Wednesday, 13 October 2010

Fortean Times UnConvention 2010

The line-up for this years Fortean Times UnConvention has been confirmed. This semi-regular gathering of Fortean Times readers and friends is taking place Saturday 23rd and Sunday 24th October at University of Westminster - 35 Marylebone Road, London NW1 5LS‎. Tickets are £50 / £30 for day tickets.


Sweet, fluffy little bobtails? Not a bit of it! See the hidden side of rabbits and hares as folklore, art and popular culture reveal some surprising beliefs. From Mary Toft (who gave birth to quite a few) to the Venerable Bede, Boudicca, James Stewart and the Easter Bunny, this talk explores humanity’s weird relationship with the Lagomorph. Fertility, witchcraft, divination, pagan symbolism, a non-existent goddess and the world’s largest knitted art-work, not to mention the mysterious Vampire Rabbit of Newcastle, an inexplicable sculpture that has spawned its own mythology; down the rabbit-hole, it’s stranger than you think.

Dr Gail-Nina Anderson is an elderly Goth who has spent a lifetime nurturing her natural streak of morbidity. Trained as an art historian, she works in Newcastle as a freelance arts journalist and lecturer, specialising in the imagery and folklore of vampires. She lectures academically on Pre-Raphaelite art, and is currently organizing an exhibition for Japan. She has had several short stories published plus the occasional exhibition catalogue. A contributor to FT, assorted UnConventions and Weird Weekends, her worldly delights are mourning jewellery and red wine.


Which Fortean has not heard of the old stories of animals ¬ like snakes, lizards, frogs and toads ¬living as parasites in the human stomach? As the ‘bosom serpents’ nourish themselves from the steady supply of ready-chewed food, their human host becomes increasingly emaciated. One day, when he or she lies down snoring, jaws gaping wide, the head of a snake emerges from the mouth to take its bearings, like the periscope of a submarine. Since the 18th century, the bosom serpent has been largely relegated to the realm of folklore, but it is still with us, incorporated into the modern newspaper myths, like that of the 25-year-old Syrian woman taken into hospital, complaining of severe stomach pains and found to have a six-foot snake lodged in her intestines!

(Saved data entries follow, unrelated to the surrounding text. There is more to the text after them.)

lemma Mpack_attained:
  assumes "finite V"
  obtains W where "W \<subseteq> V" "separated \<delta> W" "\<forall>v\<in>W. vlen v \<le> k" "Mpack \<delta> k V = card W"
proof -
  define Ss where "Ss = {card W | W. W \<subseteq> V \<and> separated \<delta> W \<and> (\<forall>v\<in>W. vlen v \<le> k)}"
  have "Ss \<subseteq> card ` Pow V" unfolding Ss_def by auto
  then have "finite Ss" using assms finite_subset by blast
  moreover have "Ss \<noteq> {}" unfolding Ss_def separated_def by auto
  ultimately have "Mpack \<delta> k V = Max Ss" unfolding Mpack_def Ss_def[symmetric] by (rule cSup_eq_Max)
  then have "Mpack \<delta> k V \<in> Ss" using Max_in[OF \<open>finite Ss\<close> \<open>Ss \<noteq> {}\<close>] by simp
  then show ?thesis using that unfolding Ss_def by auto
qed

theorem theorem2:
  fixes d d0 :: nat and d1 C :: real
  assumes "d > 0" and "1 \<le> d1" and "d1 \<le> real d" and "C > 0"
  shows "\<exists>K>0. \<forall>(n::nat) (V::nat set set) (\<delta>::nat) (k::nat).
           n \<ge> 1 \<and> V \<subseteq> Pow {..<n} \<and> clarkson_shor n V d d1 C \<and> vc_dim n V = d0 \<and>
           1 \<le> \<delta> \<and> real \<delta> \<le> real n / 2 ^ (d0 + 1) \<and>
           1 \<le> k \<and> k \<le> n \<and> real \<delta> / 2 \<le> real k
           \<longrightarrow> real (Mpack \<delta> k V) \<le> K * real n powr d1 * real k powr (real d - d1) / real \<delta> ^ d"
proof (intro exI conjI allI impI)
  show "0 < 4 * C * (22 * (real d0 + 1)) ^ d" using assms(4) by simp
  fix n :: nat and V :: "nat set set" and \<delta> k :: nat
  assume H: "n \<ge> 1 \<and> V \<subseteq> Pow {..<n} \<and> clarkson_shor n V d d1 C \<and> vc_dim n V = d0 \<and>
    1 \<le> \<delta> \<and> real \<delta> \<le> real n / 2 ^ (d0 + 1) \<and> 1 \<le> k \<and> k \<le> n \<and> real \<delta> / 2 \<le> real k"
  then have "finite V" by (meson finite_Pow_iff finite_lessThan finite_subset)
  then obtain W where W: "W \<subseteq> V" "separated \<delta> W" "\<forall>v\<in>W. vlen v \<le> k" "Mpack \<delta> k V = card W"
    by (rule Mpack_attained)
  have "vc_dim_le {..<n} W d0" using H vc_dim_le_vc_dim W(1) vc_dim_le_subset by metis
  moreover have "(1::real) \<le> 2 ^ (d0 + 1)" by (rule one_le_power) simp
  then have "real n / 2 ^ (d0 + 1) \<le> real n / 1" by (intro divide_left_mono) auto
  then have "\<delta> \<le> n" using H by linarith
  ultimately show "real (Mpack \<delta> k V) \<le> 4 * C * (22 * (real d0 + 1)) ^ d * real n powr d1
      * real k powr (real d - d1) / real \<delta> ^ d"
    unfolding W(4) using H W(1-3) assms(2-4) by (intro separated_card_bound) auto
qed

end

After her coronation in 1838, Queen Victoria was relentlessly pursued by a weird teenager, Edward ‘the Boy’ Jones, who had an uncanny ability to sneak into Buckingham Palace without being detected. Once, he broke into her bedroom and stole her underwear, and at least twice he sat on the throne. As a result of his multiple intrusions into Buckingham Palace, the Boy Jones became a media celebrity and a major headache for Lord Melbourne¹s government, who went to extraordinary lengths to get rid of him. In this talk, the Boy Jones will be compared with other palace intruders and celebrity stalkers, and the moral question of what lengths the authorities should be allowed to go to ‘remove’ a royal stalker, potential assassin or terrorist will be discussed. After all, the Boy Jones was held captive in breach of habeas corpus for longer than any wartime saboteur or fascist, IRA member or Muslim terrorist.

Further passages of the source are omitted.